### [Description of the task]
Read the lines below. Copy out any that hold the string "fixes".
[[ Records supplied, beginning ]]
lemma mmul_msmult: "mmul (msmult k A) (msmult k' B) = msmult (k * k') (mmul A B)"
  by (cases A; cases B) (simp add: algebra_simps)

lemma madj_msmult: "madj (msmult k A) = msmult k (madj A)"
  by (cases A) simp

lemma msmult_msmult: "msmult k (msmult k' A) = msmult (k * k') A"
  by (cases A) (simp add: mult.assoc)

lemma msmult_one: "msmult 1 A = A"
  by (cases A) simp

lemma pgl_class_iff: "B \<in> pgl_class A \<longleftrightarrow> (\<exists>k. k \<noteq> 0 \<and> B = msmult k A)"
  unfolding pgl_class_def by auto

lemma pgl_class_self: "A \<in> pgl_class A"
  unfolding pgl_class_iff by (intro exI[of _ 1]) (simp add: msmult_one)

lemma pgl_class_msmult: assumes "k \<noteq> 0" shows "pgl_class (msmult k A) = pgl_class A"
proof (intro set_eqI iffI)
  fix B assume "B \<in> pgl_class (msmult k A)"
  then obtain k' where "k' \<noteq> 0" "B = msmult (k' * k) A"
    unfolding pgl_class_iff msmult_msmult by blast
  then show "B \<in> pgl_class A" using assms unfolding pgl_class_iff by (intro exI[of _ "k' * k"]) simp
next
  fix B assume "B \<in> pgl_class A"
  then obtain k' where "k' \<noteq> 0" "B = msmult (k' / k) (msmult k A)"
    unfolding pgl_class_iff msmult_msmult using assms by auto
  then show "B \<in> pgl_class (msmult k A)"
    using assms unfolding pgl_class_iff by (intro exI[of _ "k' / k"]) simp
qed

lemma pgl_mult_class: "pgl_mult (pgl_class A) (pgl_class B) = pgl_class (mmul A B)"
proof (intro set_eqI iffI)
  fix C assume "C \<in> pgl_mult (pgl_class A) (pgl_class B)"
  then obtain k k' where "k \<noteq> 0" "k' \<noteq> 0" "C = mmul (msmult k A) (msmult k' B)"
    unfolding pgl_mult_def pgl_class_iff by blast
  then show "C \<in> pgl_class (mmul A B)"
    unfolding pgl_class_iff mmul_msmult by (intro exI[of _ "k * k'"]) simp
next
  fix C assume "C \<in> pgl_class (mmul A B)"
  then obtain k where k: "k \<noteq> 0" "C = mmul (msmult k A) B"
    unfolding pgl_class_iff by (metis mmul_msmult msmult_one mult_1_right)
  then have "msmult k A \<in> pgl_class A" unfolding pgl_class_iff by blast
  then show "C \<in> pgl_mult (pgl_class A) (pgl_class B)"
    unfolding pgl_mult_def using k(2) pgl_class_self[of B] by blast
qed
[[ Records supplied, end ]]
[[ Records supplied, beginning ]]
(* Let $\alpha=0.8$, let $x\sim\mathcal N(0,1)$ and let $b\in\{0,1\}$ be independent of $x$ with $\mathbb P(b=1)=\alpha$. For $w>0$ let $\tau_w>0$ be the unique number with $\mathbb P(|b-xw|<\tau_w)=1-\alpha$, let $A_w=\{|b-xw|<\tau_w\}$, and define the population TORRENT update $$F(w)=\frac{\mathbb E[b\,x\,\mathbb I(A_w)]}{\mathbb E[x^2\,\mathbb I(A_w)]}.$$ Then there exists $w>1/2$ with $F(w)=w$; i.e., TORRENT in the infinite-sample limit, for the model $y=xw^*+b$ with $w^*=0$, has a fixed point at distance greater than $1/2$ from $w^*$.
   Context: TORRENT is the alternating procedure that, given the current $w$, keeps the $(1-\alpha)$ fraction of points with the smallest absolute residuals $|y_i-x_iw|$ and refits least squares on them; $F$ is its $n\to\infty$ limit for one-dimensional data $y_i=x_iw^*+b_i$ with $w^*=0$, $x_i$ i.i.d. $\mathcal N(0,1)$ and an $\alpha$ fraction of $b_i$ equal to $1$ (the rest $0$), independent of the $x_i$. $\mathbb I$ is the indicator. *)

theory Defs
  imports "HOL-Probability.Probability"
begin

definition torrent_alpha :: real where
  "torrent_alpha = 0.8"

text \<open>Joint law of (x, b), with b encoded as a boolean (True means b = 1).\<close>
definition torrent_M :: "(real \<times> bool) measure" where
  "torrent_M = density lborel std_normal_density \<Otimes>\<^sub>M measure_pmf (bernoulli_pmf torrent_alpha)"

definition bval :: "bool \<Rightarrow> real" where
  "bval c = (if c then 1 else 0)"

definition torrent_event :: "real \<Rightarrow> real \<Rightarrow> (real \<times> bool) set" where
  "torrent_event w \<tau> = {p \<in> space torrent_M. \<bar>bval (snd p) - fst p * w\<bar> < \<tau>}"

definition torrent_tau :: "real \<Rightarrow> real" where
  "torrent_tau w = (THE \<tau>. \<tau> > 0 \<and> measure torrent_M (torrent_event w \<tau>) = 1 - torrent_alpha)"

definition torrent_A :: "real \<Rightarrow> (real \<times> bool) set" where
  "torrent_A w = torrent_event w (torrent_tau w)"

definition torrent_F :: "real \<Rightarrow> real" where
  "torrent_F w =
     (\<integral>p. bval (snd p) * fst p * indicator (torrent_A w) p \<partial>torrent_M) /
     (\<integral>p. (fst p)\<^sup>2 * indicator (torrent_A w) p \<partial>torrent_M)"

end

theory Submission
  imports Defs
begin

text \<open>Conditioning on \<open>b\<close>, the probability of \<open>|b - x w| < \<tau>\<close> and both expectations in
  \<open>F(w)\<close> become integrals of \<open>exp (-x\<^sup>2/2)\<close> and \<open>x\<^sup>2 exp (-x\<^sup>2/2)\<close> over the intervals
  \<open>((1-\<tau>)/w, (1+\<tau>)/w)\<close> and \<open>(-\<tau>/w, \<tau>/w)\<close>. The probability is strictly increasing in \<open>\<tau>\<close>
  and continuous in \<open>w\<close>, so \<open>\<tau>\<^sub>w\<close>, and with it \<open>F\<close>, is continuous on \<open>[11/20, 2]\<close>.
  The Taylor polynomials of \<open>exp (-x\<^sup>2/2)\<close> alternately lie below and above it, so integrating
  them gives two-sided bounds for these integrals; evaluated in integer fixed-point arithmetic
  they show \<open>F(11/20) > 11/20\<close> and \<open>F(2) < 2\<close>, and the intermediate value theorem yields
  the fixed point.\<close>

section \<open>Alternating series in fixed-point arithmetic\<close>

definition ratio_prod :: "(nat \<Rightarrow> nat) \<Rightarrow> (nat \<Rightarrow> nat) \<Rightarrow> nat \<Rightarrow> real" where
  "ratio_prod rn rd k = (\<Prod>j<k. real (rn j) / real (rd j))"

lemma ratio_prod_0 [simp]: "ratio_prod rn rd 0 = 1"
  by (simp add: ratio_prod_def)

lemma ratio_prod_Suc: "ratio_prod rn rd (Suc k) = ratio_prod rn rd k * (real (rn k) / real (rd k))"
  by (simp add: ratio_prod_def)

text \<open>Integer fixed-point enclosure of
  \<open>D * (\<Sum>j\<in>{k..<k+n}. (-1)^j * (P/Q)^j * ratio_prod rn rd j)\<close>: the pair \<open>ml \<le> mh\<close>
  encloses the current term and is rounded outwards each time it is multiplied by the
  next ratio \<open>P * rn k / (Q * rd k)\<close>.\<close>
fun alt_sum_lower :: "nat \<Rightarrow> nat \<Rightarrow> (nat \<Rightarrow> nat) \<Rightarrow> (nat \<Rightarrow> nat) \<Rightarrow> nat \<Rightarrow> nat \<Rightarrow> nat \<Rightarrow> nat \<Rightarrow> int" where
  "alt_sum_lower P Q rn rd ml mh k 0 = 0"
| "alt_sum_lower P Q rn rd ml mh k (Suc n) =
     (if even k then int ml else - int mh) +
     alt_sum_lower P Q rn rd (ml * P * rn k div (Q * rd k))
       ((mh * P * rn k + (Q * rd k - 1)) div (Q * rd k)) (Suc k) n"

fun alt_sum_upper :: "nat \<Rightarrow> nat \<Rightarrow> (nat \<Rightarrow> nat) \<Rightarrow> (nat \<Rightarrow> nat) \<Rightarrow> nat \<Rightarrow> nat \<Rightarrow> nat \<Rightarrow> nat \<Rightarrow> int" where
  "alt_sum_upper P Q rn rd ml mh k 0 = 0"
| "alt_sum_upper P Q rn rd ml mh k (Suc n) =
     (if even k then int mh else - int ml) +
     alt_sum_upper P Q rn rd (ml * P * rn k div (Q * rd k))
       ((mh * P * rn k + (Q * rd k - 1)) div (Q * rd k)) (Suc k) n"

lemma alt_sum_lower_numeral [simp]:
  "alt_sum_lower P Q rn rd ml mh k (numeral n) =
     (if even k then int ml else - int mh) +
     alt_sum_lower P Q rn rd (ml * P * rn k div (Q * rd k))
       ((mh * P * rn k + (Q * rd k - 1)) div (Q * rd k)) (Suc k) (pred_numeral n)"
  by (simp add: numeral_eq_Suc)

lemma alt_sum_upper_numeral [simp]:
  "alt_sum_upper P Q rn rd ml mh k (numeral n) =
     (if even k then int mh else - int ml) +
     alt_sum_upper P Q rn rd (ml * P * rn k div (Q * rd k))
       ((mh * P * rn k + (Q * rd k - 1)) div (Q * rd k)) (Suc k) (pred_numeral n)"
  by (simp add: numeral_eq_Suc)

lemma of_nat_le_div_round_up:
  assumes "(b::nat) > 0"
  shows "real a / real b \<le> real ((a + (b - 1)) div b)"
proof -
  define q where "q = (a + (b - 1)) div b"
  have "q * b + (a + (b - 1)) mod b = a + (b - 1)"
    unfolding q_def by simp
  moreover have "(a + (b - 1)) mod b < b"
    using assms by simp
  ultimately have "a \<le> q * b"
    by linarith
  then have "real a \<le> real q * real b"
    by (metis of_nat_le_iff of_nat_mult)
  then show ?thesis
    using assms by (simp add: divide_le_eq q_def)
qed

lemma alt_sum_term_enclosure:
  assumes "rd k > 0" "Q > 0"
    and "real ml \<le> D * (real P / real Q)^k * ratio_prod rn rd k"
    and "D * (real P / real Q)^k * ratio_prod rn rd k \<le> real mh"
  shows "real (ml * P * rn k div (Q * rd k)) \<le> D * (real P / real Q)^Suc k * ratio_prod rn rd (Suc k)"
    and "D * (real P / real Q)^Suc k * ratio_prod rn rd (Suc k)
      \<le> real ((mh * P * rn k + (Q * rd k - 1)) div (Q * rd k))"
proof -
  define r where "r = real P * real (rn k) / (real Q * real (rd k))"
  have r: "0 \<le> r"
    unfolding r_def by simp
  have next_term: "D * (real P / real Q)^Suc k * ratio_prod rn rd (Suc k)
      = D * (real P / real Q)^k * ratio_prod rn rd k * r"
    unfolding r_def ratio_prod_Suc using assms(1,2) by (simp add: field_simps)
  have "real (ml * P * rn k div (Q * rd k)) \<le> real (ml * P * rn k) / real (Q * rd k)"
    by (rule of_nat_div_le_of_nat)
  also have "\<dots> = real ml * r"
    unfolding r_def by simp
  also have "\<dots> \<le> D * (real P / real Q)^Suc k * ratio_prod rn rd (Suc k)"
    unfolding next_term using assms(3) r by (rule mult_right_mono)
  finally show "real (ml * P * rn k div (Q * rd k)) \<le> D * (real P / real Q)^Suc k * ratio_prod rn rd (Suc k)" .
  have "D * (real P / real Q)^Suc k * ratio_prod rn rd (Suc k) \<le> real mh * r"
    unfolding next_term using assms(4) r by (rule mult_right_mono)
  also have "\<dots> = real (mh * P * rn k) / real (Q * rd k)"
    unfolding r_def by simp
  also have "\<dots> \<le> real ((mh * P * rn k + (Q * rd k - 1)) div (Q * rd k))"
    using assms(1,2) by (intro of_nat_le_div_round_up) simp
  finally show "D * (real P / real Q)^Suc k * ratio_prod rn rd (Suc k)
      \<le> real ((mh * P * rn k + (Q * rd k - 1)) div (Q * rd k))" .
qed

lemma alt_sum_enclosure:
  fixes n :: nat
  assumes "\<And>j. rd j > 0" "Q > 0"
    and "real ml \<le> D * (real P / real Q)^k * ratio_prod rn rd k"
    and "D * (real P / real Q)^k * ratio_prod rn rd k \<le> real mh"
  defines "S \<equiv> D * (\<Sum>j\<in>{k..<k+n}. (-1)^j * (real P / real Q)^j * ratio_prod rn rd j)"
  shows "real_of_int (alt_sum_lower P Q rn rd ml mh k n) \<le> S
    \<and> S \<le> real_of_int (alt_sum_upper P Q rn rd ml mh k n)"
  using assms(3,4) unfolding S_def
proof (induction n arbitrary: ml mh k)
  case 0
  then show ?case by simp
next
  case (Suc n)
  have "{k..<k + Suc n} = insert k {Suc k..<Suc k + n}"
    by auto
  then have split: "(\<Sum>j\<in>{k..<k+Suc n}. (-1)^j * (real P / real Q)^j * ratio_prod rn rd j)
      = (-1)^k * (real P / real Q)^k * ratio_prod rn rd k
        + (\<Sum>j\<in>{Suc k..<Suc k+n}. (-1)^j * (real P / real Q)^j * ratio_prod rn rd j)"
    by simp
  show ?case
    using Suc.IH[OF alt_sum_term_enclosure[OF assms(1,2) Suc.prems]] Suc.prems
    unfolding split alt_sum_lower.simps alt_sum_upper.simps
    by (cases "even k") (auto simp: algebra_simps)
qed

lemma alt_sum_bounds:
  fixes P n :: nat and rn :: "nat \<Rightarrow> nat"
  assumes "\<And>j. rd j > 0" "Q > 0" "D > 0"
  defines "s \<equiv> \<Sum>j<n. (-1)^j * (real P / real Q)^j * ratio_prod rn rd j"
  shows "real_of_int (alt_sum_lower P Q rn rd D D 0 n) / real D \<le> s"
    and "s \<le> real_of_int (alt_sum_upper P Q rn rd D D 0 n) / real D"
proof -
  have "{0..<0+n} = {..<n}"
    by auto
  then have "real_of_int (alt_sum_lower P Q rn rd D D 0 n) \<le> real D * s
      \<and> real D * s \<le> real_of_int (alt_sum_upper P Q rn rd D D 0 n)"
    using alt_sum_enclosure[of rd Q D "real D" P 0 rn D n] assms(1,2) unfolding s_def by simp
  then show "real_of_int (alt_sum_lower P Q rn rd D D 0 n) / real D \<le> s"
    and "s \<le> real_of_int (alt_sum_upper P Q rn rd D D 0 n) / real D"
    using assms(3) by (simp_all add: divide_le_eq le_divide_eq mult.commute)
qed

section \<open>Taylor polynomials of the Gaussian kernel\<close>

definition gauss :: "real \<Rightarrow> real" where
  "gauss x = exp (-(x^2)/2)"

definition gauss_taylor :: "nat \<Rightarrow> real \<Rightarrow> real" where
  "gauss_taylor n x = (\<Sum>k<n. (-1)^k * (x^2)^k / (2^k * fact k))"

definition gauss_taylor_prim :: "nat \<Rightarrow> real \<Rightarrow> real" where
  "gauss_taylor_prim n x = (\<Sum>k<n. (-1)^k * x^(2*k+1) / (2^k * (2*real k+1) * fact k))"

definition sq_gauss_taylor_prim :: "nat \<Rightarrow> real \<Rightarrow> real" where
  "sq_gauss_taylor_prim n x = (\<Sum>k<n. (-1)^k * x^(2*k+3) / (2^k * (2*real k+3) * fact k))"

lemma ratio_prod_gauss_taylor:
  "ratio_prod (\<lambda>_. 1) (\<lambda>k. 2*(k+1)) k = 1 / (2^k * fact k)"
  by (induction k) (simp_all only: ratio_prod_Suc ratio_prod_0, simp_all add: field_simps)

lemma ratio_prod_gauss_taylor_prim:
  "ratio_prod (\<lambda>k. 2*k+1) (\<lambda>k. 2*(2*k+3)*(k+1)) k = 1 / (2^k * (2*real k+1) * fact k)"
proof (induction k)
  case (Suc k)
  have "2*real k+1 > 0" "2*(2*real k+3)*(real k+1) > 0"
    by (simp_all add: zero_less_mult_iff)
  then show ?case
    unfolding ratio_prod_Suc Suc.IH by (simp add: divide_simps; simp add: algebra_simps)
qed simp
[[ Records supplied, end ]]
### [Response for this exercise]
  fixes n :: nat
  fixes P n :: nat and rn :: "nat \<Rightarrow> nat"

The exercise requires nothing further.